Несколько минут он провел в полном одиночестве. То ли контрагент еще не приехал, то ли эти ребятки осторожничают, проверяют, нет ли за ним слежки. В принципе такой вариант тоже не исключен. Кстати, забавный момент: он сейчас находился в заведении, принадлежащем двоюродному брату действующего сотрудника MIT,[7] когда-то тоже служившему в этой конторе. И встречи он ждет с родственником этих двух, с человеком, занимавшим еще несколько лет назад довольно высокий пост в турецкой контрразведке.
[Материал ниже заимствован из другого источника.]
(* Let $\mathcal{D}\subseteq\mathbb{R}^m$ be a polyhedron and $c,d\in\mathbb{R}^m$, and consider the problem $\inf\ c^\top x/d^\top x$ subject to $d^\top x>0$, $x\in\mathcal{D}$. If $\mathcal{D}\cap\{x: d^\top x>0\}\ne\emptyset$, then the optimal value of this problem is $-\infty$ if and only if at least one of the following holds: (1) there exists $x\in\mathcal{D}$ with $c^\top x<0$ and $d^\top x=0$; (2) there exists $r\in\mathbb{R}^m$ with $c^\top r<0$, $d^\top r=0$, and $x+\lambda r\in\mathcal{D}$ for all $x\in\mathcal{D}$ and all $\lambda\ge0$. *)

theory Defs
  imports "HOL-Analysis.Analysis" "HOL-Library.Extended_Real"
begin

end

theory Submission
  imports Defs
begin

text \<open>If (1) or (2) holds, move from a point \<open>y \<in> D\<close> with \<open>d \<bullet> y > 0\<close> towards the point of (1)
  or along the ray of (2): up to rescaling, the ratio becomes \<open>(c \<bullet> y + s k) / (d \<bullet> y)\<close> with
  \<open>k < 0\<close> and \<open>s \<ge> 0\<close> arbitrary. Conversely, if neither holds, Farkas' lemma shows that
  \<open>-c \<bullet> x \<le> \<mu> (d \<bullet> x)\<close> is a nonnegative combination of the inequalities describing \<open>D\<close>, of
  \<open>\<plusminus>d \<bullet> x \<le> 0\<close> and of \<open>0 \<le> 1\<close>, so the ratio is bounded below by \<open>-\<mu>\<close>.\<close>

lemma INF_ereal_eq_minf_iff:
  "(INF x\<in>A. ereal (f x)) = -\<infinity> \<longleftrightarrow> (\<forall>B. \<exists>x\<in>A. f x < B)"
proof
  assume "(INF x\<in>A. ereal (f x)) = -\<infinity>"
  then have "(INF x\<in>A. ereal (f x)) < ereal B" for B
    by simp
  then show "\<forall>B. \<exists>x\<in>A. f x < B"
    by (simp add: INF_less_iff)
next
  assume unbounded: "\<forall>B. \<exists>x\<in>A. f x < B"
  show "(INF x\<in>A. ereal (f x)) = -\<infinity>"
  proof (rule ccontr)
    assume "(INF x\<in>A. ereal (f x)) \<noteq> -\<infinity>"
    then obtain b where "b > -\<infinity>" and "\<forall>x\<in>A. b \<le> ereal (f x)"
      unfolding INF_eq_minf by blast
    moreover obtain x where "x \<in> A" "f x < real_of_ereal b"
      using unbounded by blast
    ultimately show False
      by (cases b) auto
  qed
qed

lemma ex_nonneg_ratio_less:
  fixes p q k B :: real
  assumes "q > 0" "k < 0"
  shows "\<exists>s\<ge>0. (p + s * k) / q < B"
proof -
  define s where "s = \<bar>B * q - p\<bar> / (- k) + 1"
  have "s \<ge> 0"
    using assms by (simp add: s_def)
  moreover have "s * k = - \<bar>B * q - p\<bar> + k"
    using assms by (simp add: s_def field_simps)
  then have "(p + s * k) / q < B"
    using assms by (simp add: divide_less_eq)
  ultimately show ?thesis
    by blast
qed

lemma ratio_unbounded_below_if_point:
  fixes c d :: "'a::real_inner"
  assumes "convex D" "y \<in> D" "d \<bullet> y > 0"
    and "x \<in> D" "c \<bullet> x < 0" "d \<bullet> x = 0"
  shows "\<exists>z\<in>D. d \<bullet> z > 0 \<and> (c \<bullet> z) / (d \<bullet> z) < B"
proof -
  obtain s where "s \<ge> 0" and s: "(c \<bullet> y + s * (c \<bullet> x)) / (d \<bullet> y) < B"
    using ex_nonneg_ratio_less[OF assms(3,5)] by blast
  define z where "z = (1 / (1 + s)) *\<^sub>R y + (s / (1 + s)) *\<^sub>R x"
  have "z \<in> D"
    unfolding z_def using assms \<open>s \<ge> 0\<close>
    by (intro convexD) (auto simp: field_simps)
  moreover have "d \<bullet> z = (d \<bullet> y) / (1 + s)"
    using \<open>d \<bullet> x = 0\<close> by (simp add: z_def inner_add_right)
  moreover have "c \<bullet> z = (c \<bullet> y + s * (c \<bullet> x)) / (1 + s)"
    using \<open>s \<ge> 0\<close> by (simp add: z_def inner_add_right add_divide_distrib)
  ultimately show ?thesis
    using s \<open>s \<ge> 0\<close> \<open>d \<bullet> y > 0\<close> by (intro bexI[of _ z]) auto
qed

lemma ratio_unbounded_below_if_direction:
  fixes c d :: "'a::real_inner"
  assumes "y \<in> D" "d \<bullet> y > 0"
    and "c \<bullet> r < 0" "d \<bullet> r = 0" "\<forall>x\<in>D. \<forall>t::real. t \<ge> 0 \<longrightarrow> x + t *\<^sub>R r \<in> D"
  shows "\<exists>z\<in>D. d \<bullet> z > 0 \<and> (c \<bullet> z) / (d \<bullet> z) < B"
proof -
  obtain s where "s \<ge> 0" and s: "(c \<bullet> y + s * (c \<bullet> r)) / (d \<bullet> y) < B"
    using ex_nonneg_ratio_less[OF assms(2,3)] by blast
  then have "y + s *\<^sub>R r \<in> D"
    using assms by blast
  then show ?thesis
    using s assms by (intro bexI[of _ "y + s *\<^sub>R r"]) (auto simp: inner_add_right)
qed

lemma farkas_separation:
  fixes S :: "'a::euclidean_space set"
  assumes "finite S" "z \<notin> convex_cone hull S"
  obtains w where "\<And>k. k \<in> S \<Longrightarrow> 0 \<le> w \<bullet> k" "w \<bullet> z < 0"
proof -
  let ?K = "convex_cone hull S"
  obtain w b where wz: "w \<bullet> z < b" and wK: "\<forall>k\<in>?K. b < w \<bullet> k"
    using separating_hyperplane_closed_point[OF convex_convex_cone_hull
        closed_convex_cone_hull[OF assms(1)] assms(2)] by blast
  have "b < 0"
    using wK convex_cone_hull_contains_0 by force
  have "0 \<le> w \<bullet> k" if "k \<in> ?K" for k
  proof (rule ccontr)
    assume neg: "\<not> 0 \<le> w \<bullet> k"
    \<comment> \<open>scaling \<open>k\<close> inside the cone would reach the level \<open>b\<close> of the separating hyperplane\<close>
    define t where "t = b / (w \<bullet> k)"
    have "t *\<^sub>R k \<in> ?K"
      using neg \<open>b < 0\<close> that
      by (intro conicD[OF conic_convex_cone_hull]) (auto simp: t_def divide_nonpos_neg)
    moreover have "w \<bullet> (t *\<^sub>R k) = b"
      using neg by (simp add: t_def)
    ultimately show False
      using wK by force
  qed
  then show thesis
    using that hull_subset[of S convex_cone] wz \<open>b < 0\<close> by force
qed

definition valid_ineqs_modulo :: "'a::real_inner set \<Rightarrow> 'a \<Rightarrow> ('a \<times> real) set" where
  "valid_ineqs_modulo D d = {(a, \<beta>). \<exists>\<mu>. \<forall>x\<in>D. a \<bullet> x \<le> \<beta> + \<mu> * (d \<bullet> x)}"

lemma convex_cone_valid_ineqs_modulo: "convex_cone (valid_ineqs_modulo D d)"
  unfolding convex_cone_def
proof (intro conjI)
  show "valid_ineqs_modulo D d \<noteq> {}"
    by (auto simp: valid_ineqs_modulo_def intro!: exI[of _ "(0, 0)"] exI[of _ 0])
  show "conic (valid_ineqs_modulo D d)"
    unfolding conic_def
  proof (intro allI impI)
    fix p and t :: real
    assume "p \<in> valid_ineqs_modulo D d" "0 \<le> t"
    then obtain \<mu> where "\<forall>x\<in>D. fst p \<bullet> x \<le> snd p + \<mu> * (d \<bullet> x)"
      by (auto simp: valid_ineqs_modulo_def)
    then have "\<forall>x\<in>D. t * (fst p \<bullet> x) \<le> t * snd p + (t * \<mu>) * (d \<bullet> x)"
      using \<open>0 \<le> t\<close> by (metis distrib_left mult.assoc mult_left_mono)
    then show "t *\<^sub>R p \<in> valid_ineqs_modulo D d"
      by (cases p) (auto simp: valid_ineqs_modulo_def)
  qed
  show "convex (valid_ineqs_modulo D d)"
    unfolding convex_def
  proof (intro ballI allI impI)
    fix p q and u v :: real
    assume "p \<in> valid_ineqs_modulo D d" "q \<in> valid_ineqs_modulo D d" "0 \<le> u" "0 \<le> v"
    then obtain \<mu> \<nu> where "\<forall>x\<in>D. fst p \<bullet> x \<le> snd p + \<mu> * (d \<bullet> x)"
      and "\<forall>x\<in>D. fst q \<bullet> x \<le> snd q + \<nu> * (d \<bullet> x)"
      by (auto simp: valid_ineqs_modulo_def)
    then have "\<forall>x\<in>D. u * (fst p \<bullet> x) + v * (fst q \<bullet> x)
        \<le> u * (snd p + \<mu> * (d \<bullet> x)) + v * (snd q + \<nu> * (d \<bullet> x))"
      using \<open>0 \<le> u\<close> \<open>0 \<le> v\<close> by (blast intro: add_mono mult_left_mono)
    then show "u *\<^sub>R p + v *\<^sub>R q \<in> valid_ineqs_modulo D d"
      by (cases p, cases q) (auto simp: valid_ineqs_modulo_def inner_add_left algebra_simps
          intro!: exI[of _ "u * \<mu> + v * \<nu>"])
  qed
qed

lemma polyhedron_inequality_form:
  fixes D :: "'a::euclidean_space set"
  assumes "polyhedron D"
  obtains F :: "'a set set" and a b where "finite F" "D = {x. \<forall>h\<in>F. a h \<bullet> x \<le> b h}"
proof -
  obtain F where "finite F" "D = \<Inter>F" and "\<forall>h\<in>F. \<exists>a b. a \<noteq> 0 \<and> h = {x. a \<bullet> x \<le> b}"
    using assms unfolding polyhedron_def by blast
  moreover from this obtain a b where "\<And>h. h \<in> F \<Longrightarrow> h = {x. a h \<bullet> x \<le> b h}"
    by metis
  ultimately have "x \<in> D \<longleftrightarrow> (\<forall>h\<in>F. a h \<bullet> x \<le> b h)" for x
    by blast
  with \<open>finite F\<close> show thesis
    using that[of F a b] by blast
qed

text \<open>The Farkas certificate \<open>(r, s)\<close> yields the recession direction \<open>-r\<close> (if \<open>s = 0\<close>) or the
  point \<open>-r /\<^sub>R s\<close> (if \<open>s > 0\<close>) of \<open>D\<close>, along which \<open>c\<close> decreases while \<open>d\<close> stays zero.\<close>

lemma neg_objective_in_constraint_cone:
  fixes a :: "'i \<Rightarrow> 'a::euclidean_space"
  assumes "finite F" and D: "D = {x. \<forall>i\<in>F. a i \<bullet> x \<le> b i}"
    and point: "\<And>x. x \<in> D \<Longrightarrow> d \<bullet> x = 0 \<Longrightarrow> 0 \<le> c \<bullet> x"
    and direction: "\<And>r. d \<bullet> r = 0 \<Longrightarrow> \<forall>x\<in>D. \<forall>t::real. t \<ge> 0 \<longrightarrow> x + t *\<^sub>R r \<in> D \<Longrightarrow> 0 \<le> c \<bullet> r"
  shows "(-c, 0) \<in> convex_cone hull ((\<lambda>i. (a i, b i)) ` F \<union> {(d, 0), (-d, 0), (0, 1)})"
    (is "_ \<in> convex_cone hull ?S")
proof (rule ccontr)
  assume "(-c, 0) \<notin> convex_cone hull ?S"
  moreover have "finite ?S"
    using \<open>finite F\<close> by simp
  ultimately obtain w where w: "\<And>k. k \<in> ?S \<Longrightarrow> 0 \<le> w \<bullet> k" "w \<bullet> (-c, 0) < 0"
    using farkas_separation by blast
  obtain r s where "w = (r, s)"
    by (cases w)
  with w have rs: "\<And>k. k \<in> ?S \<Longrightarrow> 0 \<le> (r, s) \<bullet> k" and "(r, s) \<bullet> (-c, 0) < 0"
    by auto
  then have "0 < c \<bullet> r" "d \<bullet> r = 0" "0 \<le> s"
    using rs[of "(d, 0)"] rs[of "(-d, 0)"] rs[of "(0, 1)"] by (auto simp: inner_commute)
  have facet: "0 \<le> a i \<bullet> r + s * b i" if "i \<in> F" for i
    using rs[of "(a i, b i)"] that by (simp add: inner_commute)
  show False
  proof (cases "s = 0")
    case True
    have "x - t *\<^sub>R r \<in> D" if "x \<in> D" "t \<ge> 0" for x t
    proof -
      have "a i \<bullet> x - t * (a i \<bullet> r) \<le> b i" if "i \<in> F" for i
      proof -
        have "0 \<le> t * (a i \<bullet> r)"
          using facet[OF that] True \<open>t \<ge> 0\<close> by simp
        moreover have "a i \<bullet> x \<le> b i"
          using \<open>x \<in> D\<close> that by (simp add: D)
        ultimately show ?thesis
          by linarith
      qed
      then show ?thesis
        by (simp add: D inner_diff_right)
    qed
    then have "0 \<le> c \<bullet> (-r)"
      using direction[of "-r"] \<open>d \<bullet> r = 0\<close> by simp
    with \<open>0 < c \<bullet> r\<close> show False
      by simp
  next
    case False
    with \<open>0 \<le> s\<close> have "0 < s"
      by simp
    have "a i \<bullet> ((- 1 / s) *\<^sub>R r) \<le> b i" if "i \<in> F" for i
    proof -
      have "- (a i \<bullet> r) \<le> b i * s"
        using facet[OF that] by (simp add: algebra_simps)
      then show ?thesis
        using \<open>0 < s\<close> by (simp add: field_simps)
    qed
    then have "(- 1 / s) *\<^sub>R r \<in> D"
      by (simp add: D)
    moreover have "c \<bullet> ((- 1 / s) *\<^sub>R r) < 0"
      using \<open>0 < c \<bullet> r\<close> \<open>0 < s\<close> by simp
    ultimately show False
      using point[of "(- 1 / s) *\<^sub>R r"] \<open>d \<bullet> r = 0\<close> by simp
  qed
qed

lemma polyhedron_ratio_bounded_below:
  fixes D :: "'a::euclidean_space set"
  assumes "polyhedron D"
    and point: "\<And>x. x \<in> D \<Longrightarrow> d \<bullet> x = 0 \<Longrightarrow> 0 \<le> c \<bullet> x"
    and direction: "\<And>r. d \<bullet> r = 0 \<Longrightarrow> \<forall>x\<in>D. \<forall>t::real. t \<ge> 0 \<longrightarrow> x + t *\<^sub>R r \<in> D \<Longrightarrow> 0 \<le> c \<bullet> r"
  obtains m where "\<And>x. x \<in> D \<Longrightarrow> d \<bullet> x > 0 \<Longrightarrow> m \<le> (c \<bullet> x) / (d \<bullet> x)"
proof -
  obtain F :: "'a set set" and a b where "finite F" and D: "D = {x. \<forall>h\<in>F. a h \<bullet> x \<le> b h}"
    using polyhedron_inequality_form[OF assms(1)] by blast
  let ?S = "(\<lambda>h. (a h, b h)) ` F \<union> {(d, 0), (-d, 0), (0, 1)}"
  have "?S \<subseteq> valid_ineqs_modulo D d"
    by (auto simp: valid_ineqs_modulo_def D intro: exI[of _ 0] exI[of _ 1] exI[of _ "-1"])
  then have "convex_cone hull ?S \<subseteq> valid_ineqs_modulo D d"
    by (intro hull_minimal convex_cone_valid_ineqs_modulo)
  moreover have "(-c, 0) \<in> convex_cone hull ?S"
    using neg_objective_in_constraint_cone[OF \<open>finite F\<close> D point direction] by blast
  ultimately have "(-c, 0) \<in> valid_ineqs_modulo D d"
    by blast
  then obtain \<mu> where \<mu>: "\<And>x. x \<in> D \<Longrightarrow> - (c \<bullet> x) \<le> \<mu> * (d \<bullet> x)"
    by (auto simp: valid_ineqs_modulo_def)
  have "- \<mu> \<le> (c \<bullet> x) / (d \<bullet> x)" if "x \<in> D" "d \<bullet> x > 0" for x
    using \<mu>[OF that(1)] that(2) by (simp add: le_divide_eq)
  then show thesis
    using that by blast
qed

theorem theorem3p7:
  fixes D :: "(real ^ 'm) set" and c d :: "real ^ 'm"
  assumes "polyhedron D"
    and "D \<inter> {x. d \<bullet> x > 0} \<noteq> {}"
  shows "(INF x \<in> D \<inter> {x. d \<bullet> x > 0}. ereal ((c \<bullet> x) / (d \<bullet> x))) = -\<infinity>
     \<longleftrightarrow> ((\<exists>x\<in>D. c \<bullet> x < 0 \<and> d \<bullet> x = 0) \<or>
          (\<exists>r. c \<bullet> r < 0 \<and> d \<bullet> r = 0 \<and> (\<forall>x\<in>D. \<forall>t::real. t \<ge> 0 \<longrightarrow> x + t *\<^sub>R r \<in> D)))"
    (is "?lhs \<longleftrightarrow> ?point \<or> ?direction")
proof -
  obtain y where y: "y \<in> D" "d \<bullet> y > 0"
    using assms(2) by blast
  have "?lhs \<longleftrightarrow> (\<forall>B. \<exists>x\<in>D. d \<bullet> x > 0 \<and> (c \<bullet> x) / (d \<bullet> x) < B)"
    by (auto simp: INF_ereal_eq_minf_iff)
  also have "\<dots> \<longleftrightarrow> ?point \<or> ?direction"
  proof
    assume unbounded: "\<forall>B. \<exists>x\<in>D. d \<bullet> x > 0 \<and> (c \<bullet> x) / (d \<bullet> x) < B"
    show "?point \<or> ?direction"
    proof (rule ccontr)
      assume "\<not> (?point \<or> ?direction)"
      then obtain m where "\<And>x. x \<in> D \<Longrightarrow> d \<bullet> x > 0 \<Longrightarrow> m \<le> (c \<bullet> x) / (d \<bullet> x)"
        using polyhedron_ratio_bounded_below[OF assms(1)] by (metis not_less)
      with unbounded show False
        by (meson not_less)
    qed
  next
    assume "?point \<or> ?direction"
    then show "\<forall>B. \<exists>x\<in>D. d \<bullet> x > 0 \<and> (c \<bullet> x) / (d \<bullet> x) < B"
      by (elim disjE bexE exE conjE)
        (use ratio_unbounded_below_if_point[OF polyhedron_imp_convex[OF assms(1)] y]
          ratio_unbounded_below_if_direction[OF y] in blast)+
  qed
  finally show ?thesis .
qed

end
Тем не менее у них, у этих местных товарищей, есть, конечно, свои резоны проявлять крайнюю бдительность, быть осторожными, не палиться особо перед свой бывшей или нынешней организацией.

Хотелось курить. Но не кальян, к которому он, по правде говоря, равнодушен, а обычные сигареты. Но закури он здесь, в этой комнате, обычную сигарету, это было бы сочтено как проявление дурного вкуса. Супрун усмехнулся про себя, вспомнив современную арабскую поговорку, которую ему доводилось слышать в разных городах Ближнего Востока, от самых разных людей. В переводе на русский она гласит: «Сигарета горит три минуты и почти не отвлекает от дел. Трубка располагает к беседе на полчаса. За кальяном можно провести всю жизнь, созерцая, как медленно сгорает табак, оставляя после себя горстку пепла ваших проблем, забот и волнений…»

Сын хозяина, тот самый парень, что встретил у входа «руского», обслуживал лишь самых почетных гостей. Именно он принес в «отдельный кабинет» сначала поднос с чаем и сладостями – для гостя. А затем внес еще большего размера поднос с фруктами и опять же, с местными сладостями, вроде вяленой дыни и ореховой халвы.

– Тешеккюр эдерим, – сказал Супрун. – Большое спасибо!

Иногда эти люди говорят с ним по-турецки, иногда – на русском, коим они, надо признать, особенно старшее поколение, владеют очень прилично. Ну а человек, носящий псевдоним Ata[8] (его так и свои, кстати, называют), говорит по-русски так, словно всю жизнь прожил в Москве. Впрочем, это и неудивительно: Ata почти два десятилетия провел в СССР и в новой России, преимущественно под дипприкрытием, служил в военном атташате турецкого посольства.

– Ас-салям алейкум, Ata, – Супрун поднялся на ноги и поприветствовал полупоклоном вошедшего в помещение мужчину. – Мерхабалар, эфенди![9] Рад встрече! И особенно рад вас видеть в добром здравии!

– Ва алейкум ассалям! Приветствую, дорогой Алекс! Как прошел полет? Как разместились? Все ли в дороге было в порядке?

Обмен церемонными фразами на этот раз был несколько короче, нежели обычно. Этот немолодой (ему под семьдесят) мужчина, одетый в темные брюки и теплый вязаный свитер, с непокрытой седой головой – Супрун ни разу не видел его в феске, – умел ценить время и знал меру всем вещам.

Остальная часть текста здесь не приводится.